Although hop has been investigated previously, detailed biochemical and enzymatic evaluations that combine comparative solvent extraction (water vs. ethanol) with LC–MS/MS-based profiling within the same workflow remain limited. In addition, to clarify how our hop extracts are different or superior to others, we emphasize the following: (i) we evaluated both aqueous (WEHL) and ethanolic (EEHL) extracts prepared from hop cones collected in Bilecik (Türkiye) under identical conditions, enabling a direct solvent-dependent comparison; and (ii) we present an integrated dataset linking phenolic and flavonoid richness and LC–MS/MS profiling with multi-enzyme inhibition, including carbonic anhydrase isoenzymes relevant to antiglaucoma screening. Moreover, our results indicate that EEHL exhibits notably strong inhibition against hCA II isoform (IC₅₀: 21.19 µg/mL) and measurable inhibition against hCA I isozyme (IC₅₀: 59.78 µg/mL). These values compare favorably with the reference inhibitor (acetazolamide) reported in the same table, particularly for hCA II isoenzyme. In addition, when compared with previously reported hop extracts/cultivars, our extract showed lower radical scavenging IC₅₀ values (DPPH/ABTS) than those reported for many hop samples, supporting that the studied material has comparatively higher antioxidant potency under our experimental conditions.
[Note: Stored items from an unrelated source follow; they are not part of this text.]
lemma normed_forward_sim_sim_product:
  assumes sim: "normed_forward_sim tau A B f n S R"
  shows "normed_forward_sim tau A (sim_product tau A B f) {(s, p). ((Some \<circ> fst) |` f) p = Some s}
           Pair UNIV (inv_image R (\<lambda>(st, p). n st (snd p)))"
    (is "normed_forward_sim tau A ?C ?g Pair UNIV ?R")
proof -
  have g_iff: "((Some \<circ> fst) |` f) p = Some s \<longleftrightarrow> p \<in> f \<and> fst p = s" for s p
    by (auto simp: restrict_map_def)
  from sim have fs: "f \<subseteq> states A \<times> states B"
    and start: "\<forall>s \<in> start A. f `` {s} \<inter> start B \<noteq> {}"
    and wf: "wf R" and trans: "trans R"
    unfolding normed_forward_sim_def by simp_all
  have match: "(p \<in> ?g `` {t} \<and> a = tau) \<or> (\<exists>q \<in> ?g `` {t}. (p, a, q) \<in> steps ?C) \<or>
      (\<exists>q \<in> ?g `` {s}. (p, tau, q) \<in> steps ?C \<and> (((s, a, t), q), ((s, a, t), p)) \<in> ?R)"
    if st: "(s, a, t) \<in> steps A" and p: "p \<in> ?g `` {s}" for s a t p
  proof -
    from p obtain u where p_eq: "p = (s, u)" and su: "(s, u) \<in> f" by (cases p) (auto simp: g_iff)
    from sim st su consider
        "(t, u) \<in> f" "a = tau"
      | v where "(t, v) \<in> f" "(u, a, v) \<in> steps B"
      | v where "(s, v) \<in> f" "(u, tau, v) \<in> steps B" "(n (s, a, t) v, n (s, a, t) u) \<in> R"
      unfolding normed_forward_sim_def by blast
    then show ?thesis
    proof cases
      case 1
      then have "(p, a, (t, u)) \<in> steps ?C" using st su p_eq by (simp add: sim_product_def)
      with 1 show ?thesis by (auto simp: g_iff)
    next
      case (2 v)
      then have "(p, a, (t, v)) \<in> steps ?C" using st su p_eq by (simp add: sim_product_def)
      with 2 show ?thesis by (auto simp: g_iff)
    next
      case (3 v)
      then have "(p, tau, (s, v)) \<in> steps ?C" using su p_eq by (simp add: sim_product_def)
      with 3 p_eq show ?thesis by (auto simp: g_iff)
    qed
  qed
  have "?g \<subseteq> states A \<times> states ?C"
    using fs by (auto simp: g_iff sim_product_def)
  moreover have "?g `` {s} \<inter> start ?C \<noteq> {}" if s: "s \<in> start A" for s
  proof -
    from start s obtain u where "(s, u) \<in> f" and "u \<in> start B" by blast
    with s have "(s, u) \<in> ?g `` {s} \<inter> start ?C" by (simp add: g_iff sim_product_def)
    then show ?thesis by blast
  qed
  ultimately show ?thesis
    using match wf trans unfolding normed_forward_sim_def by (simp add: trans_inv_image)
qed

lemma refines_F_imp_refines_H_refines_R:
  fixes A :: "('s, 'a) automaton" and B :: "('t, 'a) automaton"
  assumes "is_automaton tau A" and "is_automaton tau B" and "refines_F tau A B"
  shows "\<exists>C :: ('s \<times> 't, 'a) automaton.
           is_automaton tau C \<and> refines_H tau A C \<and> refines_R tau C B"
proof -
  from assms(3) obtain f S R and n :: "'s \<times> 'a \<times> 's \<Rightarrow> 't \<Rightarrow> ('s \<times> 'a \<times> 's) \<times> 't"
    where sim: "normed_forward_sim tau A B f n S R"
    unfolding refines_F_def by blast
  then have fs: "f \<subseteq> states A \<times> states B"
    and start: "\<forall>s \<in> start A. f `` {s} \<inter> start B \<noteq> {}"
    unfolding normed_forward_sim_def by simp_all
  let ?C = "sim_product tau A B f"
  have "is_automaton tau ?C"
    using assms(1,2) start by (rule is_automaton_sim_product)
  moreover have "refines_H tau A ?C"
    unfolding refines_H_def normed_history_rel_def
    using step_refinement_sim_product_fst[OF fs] normed_forward_sim_sim_product[OF sim] by blast
  moreover have "refines_R tau ?C B"
    unfolding refines_R_def using step_refinement_sim_product_snd[OF fs] by blast
  ultimately show ?thesis by blast
qed

theorem mainTheorem16:
  fixes tau :: 'a
    and A :: "('s, 'a) automaton"
    and B :: "('t, 'a) automaton"
  assumes "is_automaton tau A" and "is_automaton tau B"
  shows "(refines_F tau A B \<longleftrightarrow>
           (\<exists>C :: ('s \<times> 't, 'a) automaton. is_automaton tau C \<and>
              refines_H tau A C \<and> refines_R tau C B))
       \<and> (\<forall>C :: ('c, 'a) automaton. is_automaton tau C \<and>
              refines_H tau A C \<and> refines_R tau C B \<longrightarrow> refines_F tau A B)"
proof (intro conjI iffI allI impI)
  assume "refines_F tau A B"
  with assms show "\<exists>C :: ('s \<times> 't, 'a) automaton.
      is_automaton tau C \<and> refines_H tau A C \<and> refines_R tau C B"
    by (rule refines_F_imp_refines_H_refines_R)
next
  assume "\<exists>C :: ('s \<times> 't, 'a) automaton.
      is_automaton tau C \<and> refines_H tau A C \<and> refines_R tau C B"
  then obtain C :: "('s \<times> 't, 'a) automaton" where "refines_H tau A C" and "refines_R tau C B"
    by blast
  then show "refines_F tau A B" by (rule refines_H_refines_R_imp_refines_F)
next
  fix C :: "('c, 'a) automaton"
  assume "is_automaton tau C \<and> refines_H tau A C \<and> refines_R tau C B"
  then show "refines_F tau A B" using refines_H_refines_R_imp_refines_F[of tau A C B] by blast
qed

end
In terms of future research, bioactivity-guided fractionation and isolation studies are required to more clearly identify the constituents responsible for the observed antioxidant and enzyme inhibitory effects. Detailed kinetic analyses (e.g., determination of inhibition type and Ki values) should be conducted on the obtained fractions and isolated pure compounds to better elucidate the underlying mechanisms. In addition, to support the biological relevance of the in vitro findings, validation experiments should be performed in appropriate cell-based models and, where necessary, in vivo studies should be planned. Finally, comprehensive evaluations of toxicity, stability, and (when applicable) preliminary pharmacokinetic/ADMET properties are recommended to assess the balance between efficacy and safety.